_Activity_.
From the first line to the last, copy the material exactly.

_Data extract_.

lemma h_basis_Suc_add: "i \<le> n \<Longrightarrow> h_basis (Suc n) i + h_basis (Suc n) (Suc i) = h_basis n i"
proof -
  assume "i \<le> n"
  then have e: "Suc n - i = Suc (n - i)" "Suc n - Suc i = n - i" by simp_all
  define X where "X = (monom 1 1 :: int poly)"
  define q where "q = ([:1, -1:] :: int poly)"
  have m: "monom (1::int) (Suc i) = monom 1 i * X" by (simp add: mult_monom X_def)
  have qX: "q + X = 1" by (simp add: X_def q_def monom_Suc monom_0 one_pCons)
  have "monom 1 i * q ^ Suc (n - i) + monom 1 i * X * q ^ (n - i) = monom 1 i * q ^ (n - i) * (q + X)"
    by (simp add: algebra_simps)
  then show ?thesis unfolding h_basis_def e m q_def[symmetric] qX by simp
qed

text \<open>Every chain of nonempty subsets of \<open>insert x F\<close> arises exactly once from a chain \<open>C\<close>
  of \<open>F\<close>, a cut \<open>B \<in> insert {} C\<close> and a flag \<open>f\<close>: add \<open>x\<close> to the members of \<open>C\<close> not
  below \<open>B\<close>, and add the member \<open>insert x B\<close> iff \<open>f\<close>.\<close>
definition lift_set :: "'a \<Rightarrow> 'a set \<Rightarrow> 'a set \<Rightarrow> 'a set" where
  "lift_set x B A = (if A \<subseteq> B then A else insert x A)"

definition lift_chain :: "'a \<Rightarrow> 'a set \<Rightarrow> 'a set set \<Rightarrow> bool \<Rightarrow> 'a set set" where
  "lift_chain x B C f = lift_set x B ` C \<union> (if f then {insert x B} else {})"

definition chain_remove :: "'a \<Rightarrow> 'a set set \<Rightarrow> 'a set set" where
  "chain_remove x C = (\<lambda>A. A - {x}) ` C - {{}}"

definition chain_cut :: "'a \<Rightarrow> 'a set set \<Rightarrow> 'a set" where
  "chain_cut x C = \<Union>{A\<in>C. x \<notin> A}"

lemma mem_lift_chain:
  "Y \<in> lift_chain x B C f \<longleftrightarrow>
    (Y \<in> C \<and> Y \<subseteq> B) \<or> (\<exists>A\<in>C. \<not> A \<subseteq> B \<and> Y = insert x A) \<or> (f \<and> Y = insert x B)"
  unfolding lift_chain_def lift_set_def by auto

lemma finite_chain_Union_mem:
  assumes "finite S" "S \<noteq> {}" "\<forall>A\<in>S. \<forall>B\<in>S. A \<subseteq> B \<or> B \<subseteq> A"
  shows "\<Union>S \<in> S"
  using assms
proof (induction S rule: finite_ne_induct)
  case (insert a S)
  then have "\<Union>S \<in> S" by blast
  moreover have "a \<subseteq> \<Union>S \<or> \<Union>S \<subseteq> a" using insert.prems \<open>\<Union>S \<in> S\<close> by blast
  ultimately show ?case by (auto simp: sup.absorb1 sup.absorb2)
qed simp

locale chain_lift =
  fixes x :: 'a and F :: "'a set" and C :: "'a set set" and B :: "'a set"
  assumes x_notin: "x \<notin> F" and chain: "C \<in> barycentric_sd F" and cut: "B \<in> insert {} C"
begin

lemma member_subset: "A \<in> C \<Longrightarrow> A \<subseteq> F \<and> A \<noteq> {}"
  using chain by (auto simp: barycentric_sd_def)

lemma members_comparable: "A \<in> C \<Longrightarrow> A' \<in> C \<Longrightarrow> A \<subseteq> A' \<or> A' \<subseteq> A"
  using chain by (auto simp: barycentric_sd_def)

lemma cut_subset: "B \<subseteq> F"
  using cut member_subset by auto

lemma cut_comparable: "A \<in> C \<Longrightarrow> A \<subseteq> B \<or> B \<subseteq> A"
  using cut members_comparable by auto

lemma x_notin_member: "A \<in> C \<Longrightarrow> x \<notin> A"
  using member_subset x_notin by auto

lemma x_notin_cut: "x \<notin> B"
  using cut_subset x_notin by auto

lemma lift_chain_in: "lift_chain x B C f \<in> barycentric_sd (insert x F)"
proof -
  have "lift_set x B A \<subseteq> lift_set x B A' \<or> lift_set x B A' \<subseteq> lift_set x B A"
    if "A \<in> C" "A' \<in> C" for A A'
    using members_comparable[OF that] by (auto simp: lift_set_def)
  moreover have "lift_set x B A \<subseteq> insert x B \<or> insert x B \<subseteq> lift_set x B A" if "A \<in> C" for A
    using cut_comparable[OF that] by (auto simp: lift_set_def)
  moreover have "lift_set x B A \<in> Pow (insert x F) - {{}}" if "A \<in> C" for A
    using member_subset[OF that] by (auto simp: lift_set_def)
  moreover have "insert x B \<in> Pow (insert x F) - {{}}" using cut_subset by auto
  ultimately show ?thesis
    unfolding lift_chain_def barycentric_sd_def by (cases f) (simp_all add: image_subset_iff, blast+)
qed

lemma chain_remove_lift_chain: "chain_remove x (lift_chain x B C f) = C"
proof -
  have "(\<lambda>A. A - {x}) ` lift_chain x B C f = C \<union> (if f then {B} else {})"
  proof
    show "(\<lambda>A. A - {x}) ` lift_chain x B C f \<subseteq> C \<union> (if f then {B} else {})"
      using x_notin_member x_notin_cut by (auto simp: mem_lift_chain)
    show "C \<union> (if f then {B} else {}) \<subseteq> (\<lambda>A. A - {x}) ` lift_chain x B C f"
    proof
      fix A assume "A \<in> C \<union> (if f then {B} else {})"
      then consider "A \<in> C" "A \<subseteq> B" | "A \<in> C" "\<not> A \<subseteq> B" | "f" "A = B"
        by (auto split: if_splits)
      then show "A \<in> (\<lambda>A. A - {x}) ` lift_chain x B C f"
      proof cases
        case 1 then show ?thesis
          using x_notin_member[of A] by (intro image_eqI[of _ _ A]) (auto simp: mem_lift_chain)
      next
        case 2 then show ?thesis
          using x_notin_member[of A] by (intro image_eqI[of _ _ "insert x A"]) (auto simp: mem_lift_chain)
      next
        case 3 then show ?thesis
          using x_notin_cut by (intro image_eqI[of _ _ "insert x B"]) (auto simp: mem_lift_chain)
      qed
    qed
  qed
  moreover have "{} \<notin> C" using member_subset by auto
  ultimately show ?thesis using cut unfolding chain_remove_def by auto
qed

_Result_.
lemma h_basis_Suc_add: "i \<le> n \<Longrightarrow> h_basis (Suc n) i + h_basis (Suc n) (Suc i) = h_basis n i"
proof -
  assume "i \<le> n"
  then have e: "Suc n - i = Suc (n - i)" "Suc n - Suc i = n - i" by simp_all
  define X where "X = (monom 1 1 :: int poly)"
  define q where "q = ([:1, -1:] :: int poly)"
  have m: "monom (1::int) (Suc i) = monom 1 i * X" by (simp add: mult_monom X_def)
  have qX: "q + X = 1" by (simp add: X_def q_def monom_Suc monom_0 one_pCons)
  have "monom 1 i * q ^ Suc (n - i) + monom 1 i * X * q ^ (n - i) = monom 1 i * q ^ (n - i) * (q + X)"
    by (simp add: algebra_simps)
  then show ?thesis unfolding h_basis_def e m q_def[symmetric] qX by simp
qed

text \<open>Every chain of nonempty subsets of \<open>insert x F\<close> arises exactly once from a chain \<open>C\<close>
  of \<open>F\<close>, a cut \<open>B \<in> insert {} C\<close> and a flag \<open>f\<close>: add \<open>x\<close> to the members of \<open>C\<close> not
  below \<open>B\<close>, and add the member \<open>insert x B\<close> iff \<open>f\<close>.\<close>
definition lift_set :: "'a \<Rightarrow> 'a set \<Rightarrow> 'a set \<Rightarrow> 'a set" where
  "lift_set x B A = (if A \<subseteq> B then A else insert x A)"

definition lift_chain :: "'a \<Rightarrow> 'a set \<Rightarrow> 'a set set \<Rightarrow> bool \<Rightarrow> 'a set set" where
  "lift_chain x B C f = lift_set x B ` C \<union> (if f then {insert x B} else {})"

definition chain_remove :: "'a \<Rightarrow> 'a set set \<Rightarrow> 'a set set" where
  "chain_remove x C = (\<lambda>A. A - {x}) ` C - {{}}"

definition chain_cut :: "'a \<Rightarrow> 'a set set \<Rightarrow> 'a set" where
  "chain_cut x C = \<Union>{A\<in>C. x \<notin> A}"

lemma mem_lift_chain:
  "Y \<in> lift_chain x B C f \<longleftrightarrow>
    (Y \<in> C \<and> Y \<subseteq> B) \<or> (\<exists>A\<in>C. \<not> A \<subseteq> B \<and> Y = insert x A) \<or> (f \<and> Y = insert x B)"
  unfolding lift_chain_def lift_set_def by auto

lemma finite_chain_Union_mem:
  assumes "finite S" "S \<noteq> {}" "\<forall>A\<in>S. \<forall>B\<in>S. A \<subseteq> B \<or> B \<subseteq> A"
  shows "\<Union>S \<in> S"
  using assms
proof (induction S rule: finite_ne_induct)
  case (insert a S)
  then have "\<Union>S \<in> S" by blast
  moreover have "a \<subseteq> \<Union>S \<or> \<Union>S \<subseteq> a" using insert.prems \<open>\<Union>S \<in> S\<close> by blast
  ultimately show ?case by (auto simp: sup.absorb1 sup.absorb2)
qed simp

locale chain_lift =
  fixes x :: 'a and F :: "'a set" and C :: "'a set set" and B :: "'a set"
  assumes x_notin: "x \<notin> F" and chain: "C \<in> barycentric_sd F" and cut: "B \<in> insert {} C"
begin

lemma member_subset: "A \<in> C \<Longrightarrow> A \<subseteq> F \<and> A \<noteq> {}"
  using chain by (auto simp: barycentric_sd_def)

lemma members_comparable: "A \<in> C \<Longrightarrow> A' \<in> C \<Longrightarrow> A \<subseteq> A' \<or> A' \<subseteq> A"
  using chain by (auto simp: barycentric_sd_def)

lemma cut_subset: "B \<subseteq> F"
  using cut member_subset by auto

lemma cut_comparable: "A \<in> C \<Longrightarrow> A \<subseteq> B \<or> B \<subseteq> A"
  using cut members_comparable by auto

lemma x_notin_member: "A \<in> C \<Longrightarrow> x \<notin> A"
  using member_subset x_notin by auto

lemma x_notin_cut: "x \<notin> B"
  using cut_subset x_notin by auto

lemma lift_chain_in: "lift_chain x B C f \<in> barycentric_sd (insert x F)"
proof -
  have "lift_set x B A \<subseteq> lift_set x B A' \<or> lift_set x B A' \<subseteq> lift_set x B A"
    if "A \<in> C" "A' \<in> C" for A A'
    using members_comparable[OF that] by (auto simp: lift_set_def)
  moreover have "lift_set x B A \<subseteq> insert x B \<or> insert x B \<subseteq> lift_set x B A" if "A \<in> C" for A
    using cut_comparable[OF that] by (auto simp: lift_set_def)
  moreover have "lift_set x B A \<in> Pow (insert x F) - {{}}" if "A \<in> C" for A
    using member_subset[OF that] by (auto simp: lift_set_def)
  moreover have "insert x B \<in> Pow (insert x F) - {{}}" using cut_subset by auto
  ultimately show ?thesis
    unfolding lift_chain_def barycentric_sd_def by (cases f) (simp_all add: image_subset_iff, blast+)
qed

lemma chain_remove_lift_chain: "chain_remove x (lift_chain x B C f) = C"
proof -
  have "(\<lambda>A. A - {x}) ` lift_chain x B C f = C \<union> (if f then {B} else {})"
  proof
    show "(\<lambda>A. A - {x}) ` lift_chain x B C f \<subseteq> C \<union> (if f then {B} else {})"
      using x_notin_member x_notin_cut by (auto simp: mem_lift_chain)
    show "C \<union> (if f then {B} else {}) \<subseteq> (\<lambda>A. A - {x}) ` lift_chain x B C f"
    proof
      fix A assume "A \<in> C \<union> (if f then {B} else {})"
      then consider "A \<in> C" "A \<subseteq> B" | "A \<in> C" "\<not> A \<subseteq> B" | "f" "A = B"
        by (auto split: if_splits)
      then show "A \<in> (\<lambda>A. A - {x}) ` lift_chain x B C f"
      proof cases
        case 1 then show ?thesis
          using x_notin_member[of A] by (intro image_eqI[of _ _ A]) (auto simp: mem_lift_chain)
      next
        case 2 then show ?thesis
          using x_notin_member[of A] by (intro image_eqI[of _ _ "insert x A"]) (auto simp: mem_lift_chain)
      next
        case 3 then show ?thesis
          using x_notin_cut by (intro image_eqI[of _ _ "insert x B"]) (auto simp: mem_lift_chain)
      qed
    qed
  qed
  moreover have "{} \<notin> C" using member_subset by auto
  ultimately show ?thesis using cut unfolding chain_remove_def by auto
qed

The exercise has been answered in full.